---
name: file-converter
description: This skill handles file format conversions across documents (PDF, DOCX,
  Markdown, HTML, TXT), data files (JSON, CSV, YAML, XML, TOML), and images (PNG,
  JPG, WebP, SVG, GIF). Use when the user requests converting, transforming, or exporting
  files between formats. Generates conversion code dynamically based on the specific
  request.
author: Joseph OBrien
status: unpublished
updated: '2025-12-23'
version: 1.0.1
tag: skill
type: skill
---

# File Converter

## Overview

Convert files between formats across three categories: documents, data files, and images.
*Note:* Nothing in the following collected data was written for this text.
lemma card_H:
  assumes N_mult: "N * (q - 1) = q ^ k - 1" and "N > 0"
  shows "card H = N"
proof -
  define z where "z = \<xi> ^ (q - 1)"
  have "z ^ N = 1"
    using xi_power_order N_mult by (simp add: z_def mult.commute flip: power_mult)
  have z_power_mod: "z ^ j = z ^ (j mod N)" for j
  proof -
    have "z ^ j = (z ^ N) ^ (j div N) * z ^ (j mod N)"
      by (simp flip: power_add power_mult)
    thus ?thesis
      using \<open>z ^ N = 1\<close> by simp
  qed
  have "H = (\<lambda>j. z ^ j) ` {..<N}"
  proof
    show "H \<subseteq> (\<lambda>j. z ^ j) ` {..<N}"
    proof
      fix x assume "x \<in> H"
      then obtain j where "x = z ^ j"
        unfolding H_def z_def by blast
      hence "x = z ^ (j mod N)" "j mod N < N"
        using z_power_mod[of j] \<open>N > 0\<close> by simp_all
      thus "x \<in> (\<lambda>j. z ^ j) ` {..<N}"
        by blast
    qed
  qed (auto simp: H_def z_def)
  moreover have "inj_on (\<lambda>j. z ^ j) {..<N}"
  proof (rule inj_onI)
    fix i j assume "i \<in> {..<N}" "j \<in> {..<N}" "z ^ i = z ^ j"
    hence "(q - 1) * i < (q - 1) * N" "(q - 1) * j < (q - 1) * N"
      "\<xi> ^ ((q - 1) * i) = \<xi> ^ ((q - 1) * j)"
      using q_ge_2 by (auto simp: z_def power_mult)
    moreover have N_mult': "(q - 1) * N = q ^ k - 1"
      using N_mult by (simp add: mult.commute)
    ultimately have "(q - 1) * i < q ^ k - 1" "(q - 1) * j < q ^ k - 1"
      "\<xi> ^ ((q - 1) * i) = \<xi> ^ ((q - 1) * j)"
      by (simp_all only: N_mult')
    hence "(q - 1) * i = (q - 1) * j"
      using inj_on_xi_power by (auto dest: inj_onD)
    thus "i = j"
      using q_ge_2 by simp
  qed
  ultimately show ?thesis
    by (simp add: card_image)
qed

lemma bij_betw_T_times_H: "bij_betw (\<lambda>(t, h). t * h) (T \<times> H) (K - {0})"
proof (rule bij_betw_imageI)
  show "inj_on (\<lambda>(t, h). t * h) (T \<times> H)"
  proof (rule inj_onI, clarify)
    fix t1 h1 t2 h2 assume t: "t1 \<in> T" "t2 \<in> T" and h: "h1 \<in> H" "h2 \<in> H"
      and eq: "t1 * h1 = t2 * h2"
    have "t1 * h1 \<in> K - {0}"
      using t(1) h(1) T_subset H_subset by (auto intro: subfld_mult)
    hence "\<exists>!\<tau>. \<tau> \<in> T \<and> (\<exists>j. t1 * h1 = \<tau> * (\<xi> ^ (q - 1)) ^ j)"
      using T_coset_reps by blast
    moreover obtain i1 i2 where "h1 = (\<xi> ^ (q - 1)) ^ i1" "h2 = (\<xi> ^ (q - 1)) ^ i2"
      using h unfolding H_def by blast
    hence "t1 \<in> T \<and> (\<exists>j. t1 * h1 = t1 * (\<xi> ^ (q - 1)) ^ j)"
      "t2 \<in> T \<and> (\<exists>j. t1 * h1 = t2 * (\<xi> ^ (q - 1)) ^ j)"
      using t eq by blast+
    ultimately have "t1 = t2"
      by blast
    thus "t1 = t2 \<and> h1 = h2"
      using eq t(1) T_subset by auto
  qed
  show "(\<lambda>(t, h). t * h) ` (T \<times> H) = K - {0}"
  proof
    show "(\<lambda>(t, h). t * h) ` (T \<times> H) \<subseteq> K - {0}"
      using T_subset H_subset by (auto intro: subfld_mult)
    show "K - {0} \<subseteq> (\<lambda>(t, h). t * h) ` (T \<times> H)"
    proof
      fix x assume "x \<in> K - {0}"
      then obtain t j where "t \<in> T" "x = t * (\<xi> ^ (q - 1)) ^ j"
        using T_coset_reps by blast
      thus "x \<in> (\<lambda>(t, h). t * h) ` (T \<times> H)"
        by (force simp: H_def)
    qed
  qed
qed

lemma card_T: "card T = q - 1"
proof -
  obtain N where N_mult: "N * (q - 1) = q ^ k - 1" and "N > 0"
    using q_minus_1_cofactor .
  have "card T * N = card (T \<times> H)"
    using card_H[OF N_mult \<open>N > 0\<close>] by (simp add: card_cartesian_product)
  also have "\<dots> = card (K - {0})"
    using bij_betw_T_times_H by (rule bij_betw_same_card)
  also have "\<dots> = (q - 1) * N"
    using card_K subfld_zero N_mult by (simp add: mult.commute)
  finally show ?thesis
    using \<open>N > 0\<close> by simp
qed

lemma U_map_cross_eq_imp_proportional:
  assumes "admissible \<tau>1 \<delta>1 l1" "admissible \<tau>2 \<delta>2 l2"
    and "u \<in> K" "u \<noteq> 0" "v \<in> K" "v' \<in> K" "\<rho> \<in> K"
    and "U_map \<tau>1 \<delta>1 l1 u * U_map \<tau>2 \<delta>2 l2 v' = U_map \<tau>1 \<delta>1 l1 (\<rho> * u) * U_map \<tau>2 \<delta>2 l2 v"
  shows "v' = \<rho> * v"
proof -
  let ?c1 = "U_coeff \<tau>1 \<delta>1" and ?c2 = "U_coeff \<tau>2 \<delta>2"
  have "0 = U_map \<tau>1 \<delta>1 l1 u * U_map \<tau>2 \<delta>2 l2 v' - U_map \<tau>1 \<delta>1 l1 (\<rho> * u) * U_map \<tau>2 \<delta>2 l2 v"
    using assms(8) by simp
  also have "\<dots> = (u * v' - \<rho> * u * v) + (?c1 u * v' - ?c1 (\<rho> * u) * v) * \<gamma> ^ l1
        + (u * ?c2 v' - \<rho> * u * ?c2 v) * \<gamma> ^ l2
        + (?c1 u * ?c2 v' - ?c1 (\<rho> * u) * ?c2 v) * \<gamma> ^ (l1 + l2)"
    unfolding U_map_def power_add by (rule mult_diff_mult_expand)
  finally have expansion: "\<dots> = 0" ..
  have "?c1 u \<in> K" "?c1 (\<rho> * u) \<in> K" "?c2 v \<in> K" "?c2 v' \<in> K"
    using assms admissibleD by (auto intro!: U_coeff_in_K subfld_mult)
  moreover have "l1 + l2 < r"
    using admissibleD[OF assms(1)] admissibleD[OF assms(2)] by linarith
  ultimately have "u * v' - \<rho> * u * v = 0"
    using gamma_power_coeffs_eq_0[OF _ _ _ _ _ _ _ expansion] admissibleD[OF assms(1)]
      admissibleD[OF assms(2)] assms(3-7) by (blast intro: subfld_diff subfld_mult)
  thus ?thesis
    using assms(4) by (simp add: algebra_simps)
qed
Generate Python code dynamically for each conversion request, selecting appropriate libraries and handling edge cases.

## Conversion Categories

### Documents

| From | To | Recommended Library |
|------|-----|---------------------|
| Markdown | HTML | `markdown` or `mistune` |
| HTML | Markdown | `markdownify` or `html2text` |
| HTML | PDF | `weasyprint` or `pdfkit` (requires wkhtmltopdf) |
| PDF | Text | `pypdf` or `pdfplumber` |
| DOCX | Markdown | `mammoth` |
| DOCX | PDF | `docx2pdf` (Windows/macOS) or LibreOffice CLI |
| Markdown | PDF | Convert via HTML first, then to PDF |

### Data Files

| From | To | Recommended Library |
|------|-----|---------------------|
| JSON | YAML | `pyyaml` |
| YAML | JSON | `pyyaml` |
| JSON | CSV | `pandas` or stdlib `csv` + `json` |
| CSV | JSON | `pandas` or stdlib `csv` + `json` |
| JSON | TOML | `tomli`/`tomllib` (read) + `tomli-w` (write) |
| XML | JSON | `xmltodict` |
| JSON | XML | `dicttoxml` or `xmltodict.unparse` |

### Images

| From | To | Recommended Library |
|------|-----|---------------------|
| PNG/JPG/WebP/GIF | Any raster | `Pillow` (PIL) |
| SVG | PNG/JPG | `cairosvg` or `svglib` + `reportlab` |
| PNG | SVG | `potrace` (CLI) for tracing, limited fidelity |

## Workflow

1. Identify source format (from file extension or user statement)
2. Identify target format
3. Check `references/` for format-specific guidance
4. Generate conversion code using recommended library
5. Handle edge cases (encoding, transparency, nested structures)
6. Execute conversion and report results

## Quick Patterns

### Data: JSON to YAML

```python
import json
import yaml

with open("input.json") as f:
    data = json.load(f)

with open("output.yaml", "w") as f:
    yaml.dump(data, f, default_flow_style=False, allow_unicode=True)
```

### Data: CSV to JSON

```python
import csv
import json

with open("input.csv") as f:
    reader = csv.DictReader(f)
    data = list(reader)

with open("output.json", "w") as f:
    json.dump(data, f, indent=2)
```

### Document: Markdown to HTML

```python
import markdown

with open("input.md") as f:
    md_content = f.read()

html = markdown.markdown(md_content, extensions=["tables", "fenced_code"])

with open("output.html", "w") as f:
    f.write(html)
```

### Image: PNG to WebP

```python
from PIL import Image

img = Image.open("input.png")
img.save("output.webp", "WEBP", quality=85)
```

### Image: SVG to PNG

```python
import cairosvg

cairosvg.svg2png(url="input.svg", write_to="output.png", scale=2)
```

## Resources

Detailed guidance for complex conversions is in `references/`:

- `references/document-conversions.md` - PDF handling, encoding issues, styling preservation
- `references/data-conversions.md` - Schema handling, type coercion, nested structures
- `references/image-conversions.md` - Quality settings, transparency, color profiles

Consult these references when handling edge cases or when the user has specific quality/fidelity requirements.